In addition to mtGSH status, other antioxidants in renal mitochondria were also assessed. Protein expression of superoxide dismutase 2 (SOD2) was modestly higher in renal mitochondria from diabetic rats at both 1 month and 3 months whereas that of thioredoxin 2 (Trx2) did not differ between kidneys of control and diabetic rats. To further assess oxidative stress, two types of measurements were made to detect oxidatively modified proteins and lipid peroxidation in isolated renal mitochondria. Two assays of oxidatively modified proteins were conducted, Western blots of 4-hydroxy-2-nonenal (HNE)- and 3-nitrotyrosine (3-NT)-adducted proteins.

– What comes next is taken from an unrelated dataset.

(* Suppose that for every $k\in[K]$ there are positive numbers $I_k,J_k$ such that for every $\epsilon>0$ $$\sum_{n=1}^\infty\mathrm P_k^1\Big(\tfrac{\lambda_k(n)}{n}\le I_k-\epsilon\Big)<\infty,\qquad \sum_{n=1}^\infty\mathrm P_k^0\Big(\tfrac{-\lambda_k(n)}{n}\le J_k-\epsilon\Big)<\infty.$$ Let $A\subseteq[K]$, $i\in A$, $j\notin A$. Then, as $a,b\to\infty$, $$\mathrm E_A[\tilde T_i]\lesssim \frac{a}{I_i},\qquad \mathrm E_A[\tilde T_j]\lesssim\frac{b}{J_j}.$$ If moreover $l,u$ are integers with $0\le l\le u\le K$, $u>0$, $l<K$, and $A\in\Pi_{l,u}$, then: (i) if $l=u$, as $c,d\to\infty$, $$\mathrm E_A[\hat T_i]\lesssim\frac{c}{I_i+\mathcal J_A},\qquad \mathrm E_A[\hat T_j]\lesssim\frac{d}{J_j+\mathcal I_A},\qquad \mathrm E_A[\check T]\lesssim\frac{c\vee d}{\mathcal I_A+\mathcal J_A};$$ (ii) if $l<u$, as $a,b,c,d\to\infty$, $$\mathrm E_A[\hat T_i]\lesssim\begin{cases}\frac{a}{I_i}\wedge\frac{c}{I_i+\mathcal J_A},&|A|=l\\ \frac{a}{I_i},& l<|A|\le u,\end{cases}\qquad \mathrm E_A[\hat T_j]\lesssim\begin{cases}\frac{b}{J_j},& l\le|A|<u\\ \frac{b}{J_j}\wedge\frac{d}{J_j+\mathcal I_A},&|A|=u,\end{cases}$$ and $$\mathrm E_A[\check T]\lesssim\begin{cases}\max\{\frac{b}{\mathcal J_A},\ \frac{a}{\mathcal I_A}\wedge\frac{c}{\mathcal I_A+\mathcal J_A}\},&|A|=l\\ \max\{\frac{a}{\mathcal I_A},\frac{b}{\mathcal J_A}\},& l<|A|<u\\ \max\{\frac{a}{\mathcal I_A},\ \frac{b}{\mathcal J_A}\wedge\frac{d}{\mathcal J_A+\mathcal I_A}\},&|A|=u.\end{cases}$$ In particular, if $l<u$ and $a,b,c,d\to\infty$ so that $a\sim c$ and $b\sim d$, then $$\mathrm E_A[\hat T_i]\lesssim\frac{a}{I_i+\mathcal J_A\mathbf 1\{|A|=l\}},\qquad \mathrm E_A[\hat T_j]\lesssim\frac{b}{J_j+\mathcal I_A\mathbf 1\{|A|=u\}},$$ $$\mathrm E_A[\check T]\lesssim\max\Big\{\frac{a}{\mathcal I_A+\mathcal J_A\mathbf 1\{|A|=l\}},\ \frac{b}{\mathcal J_A+\mathcal I_A\mathbf 1\{|A|=u\}}\Big\}.$$
   Context: Let $K\ge1$, $[K]=\{1,\dots,K\}$, $\mathbb N=\{1,2,\dots\}$. There are $K$ independent data streams $X_k=\{X_k(n):n\in\mathbb N\}$. Let $\mathcal F_k(n)=\sigma(X_k(t):t\le n)$, $\mathcal F(n)=\sigma(\mathcal F_k(n):k\in[K])$. For each $k$, $\mathrm P_k^0,\mathrm P_k^1$ are distributions for $X_k$, mutually absolutely continuous on each $\mathcal F_k(n)$, and $\lambda_k(n)=\log\frac{d\mathrm P_k^1}{d\mathrm P_k^0}(\mathcal F_k(n))$. For $A\subseteq[K]$, $\mathrm P_A$ is the joint law with independent streams, $X_k\sim\mathrm P_k^1$ for $k\in A$ and $X_k\sim\mathrm P_k^0$ for $k\notin A$; $\mathrm E_A$ its expectation. $\mathcal I_A=\min_{i\in A}I_i$, $\mathcal J_A=\min_{j\notin A}J_j$ (minimum over the empty set is $\infty$). $\lambda_{(1)}(n)\ge\dots\ge\lambda_{(K)}(n)$ are the ordered LLRs; $p(n)=|\{k:\lambda_k(n)>0\}|$; when needed $\lambda_{(0)}\equiv+\infty$, $\lambda_{(K+1)}\equiv-\infty$. $\Pi_{l,u}=\{A\subseteq[K]:l\le|A|\le u\}$. Parallel SPRT: $\tilde T_k=\inf\{n:\lambda_k(n)\notin(-b,a)\}$, $a,b>0$. Proposed procedure: $\hat T_k=\hat T_{k,1}\wedge\hat T_{k,2}$ where, if $l=u\equiv m$, $\hat T_{k,1}=\inf\{n:\lambda_k(n)\ge\lambda_{(m+1)}(n)+c\}$, $\hat T_{k,2}=\inf\{n:\lambda_k(n)\le\lambda_{(m)}(n)-d\}$; if $l<u$, $\hat T_{k,1}=\inf\{n:\lambda_k(n)\ge\min\{a,\lambda_{(l+1)}(n)+c\}\}$, $\hat T_{k,2}=\inf\{n:\lambda_k(n)\le\max\{-b,\lambda_{(u)}(n)-d\}\}$ (thresholds $a,b,c,d>0$). Synchronous procedure: common decision time $\check T$; if $l=u\equiv m$, $\check T=\inf\{n:\lambda_{(m)}(n)-\lambda_{(m+1)}(n)\ge c\vee d\}$; if $l<u$, $\check T=\tau_1\wedge\tau_2\wedge\tau_3$ with $\tau_1=\inf\{n:\lambda_{(l+1)}(n)\le\min\{-b,-c+\lambda_{(l)}(n)\}\}$, $\tau_2=\inf\{n:\lambda_k(n)\notin(-b,a)\ \forall k,\ l\le p(n)\le u\}$, $\tau_3=\inf\{n:\lambda_{(u)}(n)\ge\max\{a,d+\lambda_{(u+1)}(n)\}\}$. Notation: $x\lesssim y$ means $\limsup x/y\le1$ in the stated limit; $x\sim y$ means $x/y\to1$. *)

theory Defs
  imports "HOL-Probability.Probability"
begin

While no differences were observed in levels of 3-NT-adducted proteins, significant differences in patterns of HNE-adducted proteins both between renal mitochondria of control and diabetic rats and between samples at 1 month and 3 months. Measurements of both basal and oxidant-stimulated malondialdehyde (MDA) formation were similar in corresponding samples from renal mitochondria of control and diabetic rats at both time points. These results suggest that whereas RNS are not likely involved, differences in levels of ROS do contribute to some extent to changes in redox status in DN.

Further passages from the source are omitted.